The oldest known show cave in the world is probably Reed Flute Cave in China with inscriptions from 792 in the time of the Tang dynasty. Other old show caves are Postojna Cave in Slovenia, with the presumed first record of a cave tour in 1213. Other early show caves are Jasov Cave in Slovakia with inscriptions from 1452, the Sontheimer Höhle in Germany which was reportedly visited by Herzog Ulrich von Württemberg on 20 May 1516 and Vilenica Cave in Slovenia where entrance fees were taken from 1633 on. In 1649, the first "authorized" cave guide started guiding Baumannshöhle in the Harz in Germany though this cave was intensively visited much earlier.
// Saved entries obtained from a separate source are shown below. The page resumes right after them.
lemma ln_ge_of_power_bound:
  fixes c \<mu> h :: real and l k :: nat
  assumes "\<mu> > 0" "c \<ge> \<mu> ^ l" "l \<le> k + 1"
  shows "ln c + h * l \<ge> - ((k + 1) * (\<bar>ln \<mu>\<bar> + \<bar>h\<bar>))"
proof -
  have "ln c \<ge> l * ln \<mu>"
    using assms ln_mono[of "\<mu> ^ l" c] by (simp add: ln_realpow)
  moreover have "- (l * \<bar>ln \<mu>\<bar>) \<le> l * ln \<mu>" and "- (\<bar>h\<bar> * l) \<le> h * l"
    using mult_left_mono[of "- \<bar>ln \<mu>\<bar>" "ln \<mu>" "real l"] mult_right_mono[of "- \<bar>h\<bar>" h "real l"]
    by simp_all
  moreover have "l * \<bar>ln \<mu>\<bar> \<le> (k + 1) * \<bar>ln \<mu>\<bar>" and "\<bar>h\<bar> * l \<le> \<bar>h\<bar> * (k + 1)"
    using assms(3) by (intro mult_right_mono mult_left_mono; simp)+
  ultimately show ?thesis by (simp add: algebra_simps)
qed

section \<open>Vanishing of the free energy\<close>

lemma ceiling_log2:
  fixes n :: nat
  defines "k \<equiv> nat \<lceil>log 2 (real n + 1)\<rceil>"
  shows "n < 2 ^ k" and "real k \<le> log 2 (real n + 1) + 1"
proof -
  have k: "real k = real_of_int \<lceil>log 2 (real n + 1)\<rceil>" by (simp add: k_def)
  then show "real k \<le> log 2 (real n + 1) + 1" by linarith
  have "real n + 1 = 2 powr log 2 (real n + 1)" by simp
  also have "\<dots> \<le> 2 powr real k" using k by (intro powr_mono) auto
  finally have "real (n + 1) \<le> real (2 ^ k)" by (simp add: powr_realpow)
  then show "n < 2 ^ k" by (simp only: of_nat_le_iff)
qed

lemma abs_ln_jump_bound:
  fixes m0 \<alpha> :: real and k n :: nat
  assumes "m0 > 0" "\<alpha> \<ge> 0" "n \<ge> 1"
  shows "\<bar>ln (m0 / 2 ^ k * real n powr (-(2 + \<alpha>)))\<bar> \<le> \<bar>ln m0\<bar> + k * ln 2 + (2 + \<alpha>) * ln n"
proof -
  have "ln (m0 / 2 ^ k * real n powr (-(2 + \<alpha>))) = ln m0 - k * ln 2 - (2 + \<alpha>) * ln n"
    using assms by (simp add: ln_mult ln_div ln_powr ln_realpow algebra_simps)
  moreover have "k * ln 2 \<ge> 0" "(2 + \<alpha>) * ln n \<ge> 0" using assms by auto
  ultimately show ?thesis by linarith
qed

lemma tendsto_div_along_proportional:
  fixes f :: "nat \<Rightarrow> real" and M :: "nat \<Rightarrow> nat"
  assumes f: "((\<lambda>n. f n / real n) \<longlongrightarrow> 0) sequentially"
    and M: "((\<lambda>N. real (M N) / real N) \<longlongrightarrow> \<gamma>) sequentially"
  shows "((\<lambda>N. f (N + M N) / real N) \<longlongrightarrow> 0) sequentially"
proof -
  have "filterlim (\<lambda>N. N + M N) sequentially sequentially"
    by (rule filterlim_at_top_mono[OF filterlim_ident]) simp
  then have "((\<lambda>N. f (N + M N) / real (N + M N)) \<longlongrightarrow> 0) sequentially"
    using f by (rule filterlim_compose[rotated])
  moreover have "((\<lambda>N. real (N + M N) / real N) \<longlongrightarrow> 1 + \<gamma>) sequentially"
  proof -
    have "((\<lambda>N. 1 + real (M N) / real N) \<longlongrightarrow> 1 + \<gamma>) sequentially"
      using M by (intro tendsto_add) simp_all
    moreover have "\<forall>\<^sub>F N in sequentially. 1 + real (M N) / real N = real (N + M N) / real N"
      using eventually_gt_at_top[of 0] by eventually_elim (simp add: field_simps)
    ultimately show ?thesis by (rule Lim_transform_eventually)
  qed
  ultimately have "((\<lambda>N. f (N + M N) / real (N + M N) * (real (N + M N) / real N)) \<longlongrightarrow> 0 * (1 + \<gamma>)) sequentially"
    by (rule tendsto_mult)
  moreover have "\<forall>\<^sub>F N in sequentially. f (N + M N) / real (N + M N) * (real (N + M N) / real N) = f (N + M N) / real N"
  proof (rule eventually_mono[OF eventually_gt_at_top[of 0]])
    fix N :: nat assume "N > 0"
    then have "real (N + M N) \<noteq> 0" by simp
    then show "f (N + M N) / real (N + M N) * (real (N + M N) / real N) = f (N + M N) / real N" by simp
  qed
  ultimately show ?thesis by (simp add: Lim_transform_eventually)
qed

lemma eventually_log2_le_sides:
  fixes M :: "nat \<Rightarrow> nat"
  assumes "\<gamma> > 0" and M: "((\<lambda>N. real (M N) / real N) \<longlongrightarrow> \<gamma>) sequentially"
  shows "\<forall>\<^sub>F N in sequentially. log 2 (real (N + M N) + 1) + 2 \<le> N \<and> log 2 (real (N + M N) + 1) + 2 \<le> M N"
proof -
  have "((\<lambda>n. (log 2 (real n + 1) + 2) / real n) \<longlongrightarrow> 0) sequentially" by real_asymp
  then have lim: "((\<lambda>N. (log 2 (real (N + M N) + 1) + 2) / real N) \<longlongrightarrow> 0) sequentially"
    using M by (rule tendsto_div_along_proportional)
  have "\<forall>\<^sub>F N in sequentially. (log 2 (real (N + M N) + 1) + 2) / real N < min 1 (\<gamma> / 2)"
    using lim assms(1) by (intro order_tendstoD) auto
  moreover have "\<forall>\<^sub>F N in sequentially. real (M N) / real N > \<gamma> / 2"
    using M assms(1) by (intro order_tendstoD) auto
  ultimately show ?thesis using eventually_gt_at_top[of 0]
    by eventually_elim (auto simp: field_simps)
qed

lemma polylog_div_tendsto_zero:
  fixes a b :: real
  shows "((\<lambda>n::nat. (log 2 (real n + 1) + 2) * (a + (log 2 (real n + 1) + 1) * ln 2 + b * ln (real n)) / real n)
           \<longlongrightarrow> 0) sequentially"
  by real_asymp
The development of electric lighting enabled the illumination of show caves. Early experiments with electric light in caves were carried out by Lieutenant Edward Cracknel in 1880 at Chifley Cave, Jenolan Caves, Australia. In 1881, Sloupsko-Šošůvské Jeskyně, Czech Republic, became the first cave in the world with electric arc light. This light did not use light bulbs, but electric arc lamps with carbon electrodes, which burned down and had to be replaced after some time.

The first cave in the world with electric light bulbs as we know them today was the Kraushöhle in Austria in 1883. But the light was abandoned after only seven years and then visited with carbide lamps for decades. Today the cave is guided with handheld LED lamps. In 1884, two more caves were equipped with electric light, Postojna Cave, Slovenia, and Olgahöhle, Germany.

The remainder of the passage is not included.